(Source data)

▼

lemma card_lines_le_card_hidden_states:
  fixes n m k :: nat
  assumes k: "k < n" and "0 < card (Xs k)"
    and hY: "\<And>j. j < m \<Longrightarrow> finite (Ys j) \<and> y0 j \<in> Ys j"
    and ratio: "real (card (PiE {..<n} Xs)) / real (card (Xs k)) \<le> 1 + (\<Sum>j<m. real (card (Ys j)) - 1)"
  shows "card (PiE {..<n} (Xs(k := {a}))) \<le> 1 + card (SIGMA j:{..<m}. Ys j - {y0 j})"
proof -
  have "real (card (PiE {..<n} (Xs(k := {a})))) = real (card (PiE {..<n} Xs)) / real (card (Xs k))"
    using assms(2) by (simp add: card_PiE_eq_mult_card_PiE_fun_upd[OF k, of Xs a])
  also have "\<dots> \<le> 1 + real (card (SIGMA j:{..<m}. Ys j - {y0 j}))"
    using ratio card_SIGMA_diff_singleton[of m Ys y0] hY by simp
  finally show ?thesis by linarith
qed

lemma prod_sum_single_excitation:
  fixes m :: nat and d :: "'c::comm_ring_1"
  assumes "\<And>j. j < m \<Longrightarrow> finite (Ys j) \<and> y0 j \<in> Ys j"
  shows "(\<Prod>j<m. \<Sum>b\<in>Ys j. if b = y0 j then 1 else if (j, b) = h then d else 0)
       = 1 + (if h \<in> (SIGMA j:{..<m}. Ys j - {y0 j}) then d else 0)"
proof -
  obtain j0 b0 where h: "h = (j0, b0)" by fastforce
  have "(\<Sum>b\<in>Ys j. if b = y0 j then 1 else if (j, b) = h then d else 0)
      = (if j = j0 \<and> h \<in> (SIGMA j:{..<m}. Ys j - {y0 j}) then 1 + d else 1)" if "j < m" for j
  proof -
    have "(\<Sum>b\<in>Ys j. if b = y0 j then 1 else if (j, b) = h then d else 0)
        = 1 + (\<Sum>b\<in>Ys j - {y0 j}. if (j, b) = h then d else 0)"
      using assms[OF that] by (simp add: sum.remove[of "Ys j" "y0 j"])
    also have "\<dots> = 1 + (if j = j0 \<and> b0 \<in> Ys j - {y0 j} then d else 0)"
      using assms[OF that] by (cases "j = j0") (simp_all add: h)
    finally show ?thesis using that by (auto simp: h)
  qed
  then have "(\<Prod>j<m. \<Sum>b\<in>Ys j. if b = y0 j then 1 else if (j, b) = h then d else 0)
      = (\<Prod>j<m. if j = j0 then (if h \<in> (SIGMA j:{..<m}. Ys j - {y0 j}) then 1 + d else 1) else 1)"
    by (intro prod.cong) auto
  then show ?thesis by (auto simp: h)
qed

lemma sum_suff_stat:
  assumes z: "z \<in> PiE {..<k} Z" and fin: "\<And>i. i < k \<Longrightarrow> finite (Z i)"
  shows "(\<Sum>s\<in>suff_idx k Z zr. suff_stat z s * w s)
       = w None + (\<Sum>i<k. if z i = zr i then 0 else w (Some (i, z i)))"
proof -
  let ?S = "SIGMA i:{..<k}. Z i - {zr i}"
  have "(\<Sum>s\<in>suff_idx k Z zr. suff_stat z s * w s)
      = w None + (\<Sum>(i, a)\<in>?S. suff_stat z (Some (i, a)) * w (Some (i, a)))"
    unfolding suff_idx_def using fin
    by (subst sum.insert) (auto simp: sum.reindex suff_stat_def case_prod_unfold)
  also have "(\<Sum>(i, a)\<in>?S. suff_stat z (Some (i, a)) * w (Some (i, a)))
      = (\<Sum>i<k. \<Sum>a\<in>Z i - {zr i}. suff_stat z (Some (i, a)) * w (Some (i, a)))"
    using fin by (subst sum.Sigma) auto
  also have "\<dots> = (\<Sum>i<k. if z i = zr i then 0 else w (Some (i, z i)))"
    using fin z by (intro sum.cong)
      (auto simp: suff_stat_def sum.delta PiE_iff if_distrib[of "\<lambda>u. u * _"] cong: if_cong)
  finally show ?thesis .
qed

definition theta_of_potentials ::
  "nat \<Rightarrow> (nat \<Rightarrow> 'a) \<Rightarrow> ((nat \<times> 'b) option \<Rightarrow> nat \<Rightarrow> 'a \<Rightarrow> real)
    \<Rightarrow> (nat \<times> 'a) option \<Rightarrow> (nat \<times> 'b) option \<Rightarrow> real" where
  "theta_of_potentials n x0 V s t =
     (case s of None \<Rightarrow> (\<Sum>i<n. V t i (x0 i)) | Some (i, a) \<Rightarrow> V t i a - V t i (x0 i))"

lemma rbm_energy_theta_of_potentials:
  assumes x: "x \<in> PiE {..<n} Xs" and finX: "\<And>i. i < n \<Longrightarrow> finite (Xs i)"
    and y: "y \<in> PiE {..<m} Ys" and finY: "\<And>j. j < m \<Longrightarrow> finite (Ys j)"
  shows "rbm_energy n Xs x0 m Ys y0 (theta_of_potentials n x0 V) x y
     = (\<Sum>i<n. V None i (x i))
       + (\<Sum>j<m. if y j = y0 j then 0 else \<Sum>i<n. V (Some (j, y j)) i (x i))"
proof -
  have visible: "(\<Sum>s\<in>suff_idx n Xs x0. suff_stat x s * theta_of_potentials n x0 V s t)
      = (\<Sum>i<n. V t i (x i))" for t
    using sum_suff_stat[OF x finX, where zr=x0 and w="\<lambda>s. theta_of_potentials n x0 V s t"]
    by (simp add: theta_of_potentials_def if_distrib sum_subtractf flip: sum.distrib cong: if_cong)
       (auto intro: sum.cong)
  have "rbm_energy n Xs x0 m Ys y0 (theta_of_potentials n x0 V) x y
      = (\<Sum>t\<in>suff_idx m Ys y0. suff_stat y t *
           (\<Sum>s\<in>suff_idx n Xs x0. suff_stat x s * theta_of_potentials n x0 V s t))"
    unfolding rbm_energy_def
    by (subst sum.swap) (simp add: sum_distrib_left sum_distrib_right mult_ac)
  also have "\<dots> = (\<Sum>i<n. V None i (x i))
       + (\<Sum>j<m. if y j = y0 j then 0 else \<Sum>i<n. V (Some (j, y j)) i (x i))"
    by (simp add: visible sum_suff_stat[OF y finY])
  finally show ?thesis .
qed

lemma rbm_weight_theta_of_potentials:
  assumes x: "x \<in> PiE {..<n} Xs" and finX: "\<And>i. i < n \<Longrightarrow> finite (Xs i)"
    and finY: "\<And>j. j < m \<Longrightarrow> finite (Ys j)"
  shows "rbm_weight n Xs x0 m Ys y0 (theta_of_potentials n x0 V) x
     = exp (\<Sum>i<n. V None i (x i)) *
       (\<Prod>j<m. \<Sum>b\<in>Ys j. exp (if b = y0 j then 0 else \<Sum>i<n. V (Some (j, b)) i (x i)))"
proof -
  have "rbm_weight n Xs x0 m Ys y0 (theta_of_potentials n x0 V) x
     = (\<Sum>y\<in>PiE {..<m} Ys. exp (\<Sum>i<n. V None i (x i)) *
          (\<Prod>j<m. exp (if y j = y0 j then 0 else \<Sum>i<n. V (Some (j, y j)) i (x i))))"
    unfolding rbm_weight_def
    by (intro sum.cong refl)
       (simp add: rbm_energy_theta_of_potentials[OF x finX _ finY] exp_add exp_sum if_distrib)
  also have "\<dots> = exp (\<Sum>i<n. V None i (x i)) *
       (\<Prod>j<m. \<Sum>b\<in>Ys j. exp (if b = y0 j then 0 else \<Sum>i<n. V (Some (j, b)) i (x i)))"
    by (subst prod_sum_PiE) (auto simp: finY sum_distrib_left)
  finally show ?thesis .
qed

lemma tendsto_rbm_weight_single_excitation:
  fixes V :: "nat \<Rightarrow> (nat \<times> 'b) option \<Rightarrow> nat \<Rightarrow> 'a \<Rightarrow> real" and m :: nat
  assumes x: "x \<in> PiE {..<n} Xs" and finX: "\<And>i. i < n \<Longrightarrow> finite (Xs i)"
    and hY: "\<And>j. j < m \<Longrightarrow> finite (Ys j) \<and> y0 j \<in> Ys j"
    and visible: "\<And>N. (\<Sum>i<n. V N None i (x i)) = v"
    and hidden: "\<And>j b. (\<lambda>N. exp (\<Sum>i<n. V N (Some (j, b)) i (x i)))
                         \<longlonglongrightarrow> (if (j, b) = h then d else 0)"
  shows "(\<lambda>N. rbm_weight n Xs x0 m Ys y0 (theta_of_potentials n x0 (V N)) x)
           \<longlonglongrightarrow> exp v * (1 + (if h \<in> (SIGMA j:{..<m}. Ys j - {y0 j}) then d else 0))"
proof -
  have finY: "\<And>j. j < m \<Longrightarrow> finite (Ys j)" using hY by blast
  have factor: "(\<lambda>N. exp (if b = y0 j then 0 else \<Sum>i<n. V N (Some (j, b)) i (x i)))
      \<longlonglongrightarrow> (if b = y0 j then 1 else if (j, b) = h then d else 0)" for j b
    using hidden[of j b] by (cases "b = y0 j") simp_all
  have "rbm_weight n Xs x0 m Ys y0 (theta_of_potentials n x0 (V N)) x
      = exp v * (\<Prod>j<m. \<Sum>b\<in>Ys j. exp (if b = y0 j then 0 else \<Sum>i<n. V N (Some (j, b)) i (x i)))"
    for N by (simp add: rbm_weight_theta_of_potentials[OF x finX finY] visible)
  then have "(\<lambda>N. rbm_weight n Xs x0 m Ys y0 (theta_of_potentials n x0 (V N)) x)
      \<longlonglongrightarrow> exp v * (\<Prod>j<m. \<Sum>b\<in>Ys j. if b = y0 j then 1 else if (j, b) = h then d else 0)"
    by (simp only:) (intro tendsto_mult tendsto_const tendsto_prod tendsto_sum factor)
  then show ?thesis
    by (simp only: prod_sum_single_excitation[OF hY])
qed

lemma in_closure_RBM_if_weights_tendsto:
  assumes q: "q \<in> prob_simplex (PiE {..<n} Xs)"
    and lim: "\<And>x. x \<in> PiE {..<n} Xs \<Longrightarrow> (\<lambda>N. rbm_weight n Xs x0 m Ys y0 (\<Theta> N) x) \<longlonglongrightarrow> q x"
  shows "q \<in> closure (RBM n Xs x0 m Ys y0)"
proof (rule LIMSEQ_in_closure)
  show "rbm_dist n Xs x0 m Ys y0 (\<Theta> N) \<in> RBM n Xs x0 m Ys y0" for N
    by (simp add: RBM_def)
  have sum: "sum q (PiE {..<n} Xs) = 1" and out: "\<And>x. x \<notin> PiE {..<n} Xs \<Longrightarrow> q x = 0"
    using q by (auto simp: prob_simplex_def)
  have "(\<lambda>N. rbm_dist n Xs x0 m Ys y0 (\<Theta> N) x) \<longlonglongrightarrow> q x" for x
  proof (cases "x \<in> PiE {..<n} Xs")
    case True
    have "(\<lambda>N. \<Sum>x'\<in>PiE {..<n} Xs. rbm_weight n Xs x0 m Ys y0 (\<Theta> N) x') \<longlonglongrightarrow> 1"
      unfolding sum[symmetric] by (intro tendsto_sum lim)
    then have "(\<lambda>N. rbm_weight n Xs x0 m Ys y0 (\<Theta> N) x /
        (\<Sum>x'\<in>PiE {..<n} Xs. rbm_weight n Xs x0 m Ys y0 (\<Theta> N) x')) \<longlonglongrightarrow> q x / 1"
      using True by (intro tendsto_divide lim) auto
    then show ?thesis using True by (simp add: rbm_dist_def)
  qed (simp add: rbm_dist_def out)
  then show "(\<lambda>N. rbm_dist n Xs x0 m Ys y0 (\<Theta> N)) \<longlonglongrightarrow> q"
    by (simp add: tendsto_fun_iff_pointwise)
qed

(* The line through p in direction k is the set of x with x(k := p k) = p. *)
definition line_potential :: "nat \<Rightarrow> real \<Rightarrow> (nat \<Rightarrow> 'a) \<Rightarrow> ('a \<Rightarrow> real) \<Rightarrow> nat \<Rightarrow> 'a \<Rightarrow> real" where
  "line_potential k c p A i a = (if i = k then A a else if a = p i then 0 else - c)"

lemma sum_line_potential_on_line:
  assumes "k < n" and "x(k := p k) = p"
  shows "(\<Sum>i<n. line_potential k c p A i (x i)) = A (x k)"
proof -
  have "x i = p i" if "i \<noteq> k" for i
    using fun_cong[OF assms(2), of i] that by simp
  then have "(\<Sum>i<n. line_potential k c p A i (x i)) = (\<Sum>i<n. if i = k then A (x k) else 0)"
    by (intro sum.cong) (auto simp: line_potential_def)
  also have "\<dots> = A (x k)" using assms(1) by simp
  finally show ?thesis .
qed

lemma sum_line_potential_off_line:
  assumes "k < n" and "x \<in> extensional {..<n}" and "p \<in> extensional {..<n}"
    and "x(k := p k) \<noteq> p" and "0 \<le> c"
  shows "(\<Sum>i<n. line_potential k c p A i (x i)) \<le> A (x k) - c"
proof -
  obtain i0 where i0: "i0 \<noteq> k" "x i0 \<noteq> p i0"
    using assms(4) by (auto simp: fun_eq_iff split: if_splits)
  with assms(2,3) have "i0 < n" by (metis extensional_arb lessThan_iff)
  have "(\<Sum>i<n. line_potential k c p A i (x i))
      \<le> (\<Sum>i<n. (if i = k then A (x k) else 0) + (if i = i0 then - c else 0))"
    using i0 assms(5) by (intro sum_mono) (auto simp: line_potential_def)
  also have "\<dots> = A (x k) - c"
    using assms(1) \<open>i0 < n\<close> by (simp add: sum.distrib)
  finally show ?thesis .
qed

lemma tendsto_exp_sum_line_potential:
  assumes "k < n" and "x \<in> extensional {..<n}" and "p \<in> extensional {..<n}"
  shows "(\<lambda>N. exp (\<Sum>i<n. line_potential k (real N) p A i (x i)))
           \<longlonglongrightarrow> (if x(k := p k) = p then exp (A (x k)) else 0)"
proof (cases "x(k := p k) = p")
  case True
  then show ?thesis using assms(1) by (simp add: sum_line_potential_on_line)
next
  case False
  have "(\<lambda>N. exp (\<Sum>i<n. line_potential k (real N) p A i (x i))) \<longlonglongrightarrow> 0"
  proof (rule tendsto_sandwich[OF _ _ tendsto_const
        tendsto_mult_right_zero[OF LIMSEQ_exp_neg_real, of "exp (A (x k))"]])
    show "\<forall>\<^sub>F N in sequentially. 0 \<le> exp (\<Sum>i<n. line_potential k (real N) p A i (x i))"
      by simp
    have "exp (\<Sum>i<n. line_potential k (real N) p A i (x i)) \<le> exp (A (x k)) * exp (- real N)" for N
      using sum_line_potential_off_line[OF assms False] by (simp flip: exp_add)
    then show "\<forall>\<^sub>F N in sequentially.
        exp (\<Sum>i<n. line_potential k (real N) p A i (x i)) \<le> exp (A (x k)) * exp (- real N)"
      by simp
  qed
  then show ?thesis using False by simp
qed

lemma line_potential_minorant:
  fixes n k :: nat and q :: "(nat \<Rightarrow> 'a) \<Rightarrow> real"
  assumes fin: "\<And>i. i < n \<Longrightarrow> finite (Xs i)" and k: "k < n" and p: "p \<in> PiE {..<n} Xs"
    and pos: "\<And>x. x \<in> PiE {..<n} Xs \<Longrightarrow> 0 < q x"
  obtains c where
    "\<And>x. x \<in> PiE {..<n} Xs \<Longrightarrow> x(k := p k) = p \<Longrightarrow>
       exp (\<Sum>i<n. line_potential k c p (\<lambda>a. ln (q (p(k := a)))) i (x i)) = q x"
    "\<And>x. x \<in> PiE {..<n} Xs \<Longrightarrow> x(k := p k) \<noteq> p \<Longrightarrow>
       exp (\<Sum>i<n. line_potential k c p (\<lambda>a. ln (q (p(k := a)))) i (x i)) < q x"
proof -
  have "finite (PiE {..<n} Xs)" using fin by (auto intro!: finite_PiE)
  then obtain c where "0 \<le> c"
    and ratio: "\<And>x y. x \<in> PiE {..<n} Xs \<Longrightarrow> y \<in> PiE {..<n} Xs \<Longrightarrow> q y < q x * exp c"
    using exists_exp_bound_ratio[of "PiE {..<n} Xs" q] pos by blast
  have upd: "p(k := x k) \<in> PiE {..<n} Xs" if "x \<in> PiE {..<n} Xs" for x
    using that p k by (auto simp: PiE_iff extensional_def)
  show thesis
  proof
    fix x assume x: "x \<in> PiE {..<n} Xs" and on: "x(k := p k) = p"
    then have "p(k := x k) = x" by (metis fun_upd_triv fun_upd_upd)
    then show "exp (\<Sum>i<n. line_potential k c p (\<lambda>a. ln (q (p(k := a)))) i (x i)) = q x"
      using x on k pos by (simp add: sum_line_potential_on_line)
  next
    fix x assume x: "x \<in> PiE {..<n} Xs" and off: "x(k := p k) \<noteq> p"
    have "exp (\<Sum>i<n. line_potential k c p (\<lambda>a. ln (q (p(k := a)))) i (x i))
        \<le> exp (ln (q (p(k := x k))) - c)"
      using sum_line_potential_off_line[OF k _ _ off \<open>0 \<le> c\<close>] x p by (simp add: PiE_iff)
    also have "\<dots> = q (p(k := x k)) / exp c"
      using pos[OF upd[OF x]] by (simp add: exp_diff)
    also have "\<dots> < q x"
      using ratio[OF x upd[OF x]] by (simp add: divide_less_eq)
    finally show "exp (\<Sum>i<n. line_potential k c p (\<lambda>a. ln (q (p(k := a)))) i (x i)) < q x" .
  qed
qed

▲

### WORK INSTRUCTION
Report each line of the data that includes the string "metis".

### OUTPUT OF THE TASK
  with assms(2,3) have "i0 < n" by (metis extensional_arb lessThan_iff)
    then have "p(k := x k) = x" by (metis fun_upd_triv fun_upd_upd)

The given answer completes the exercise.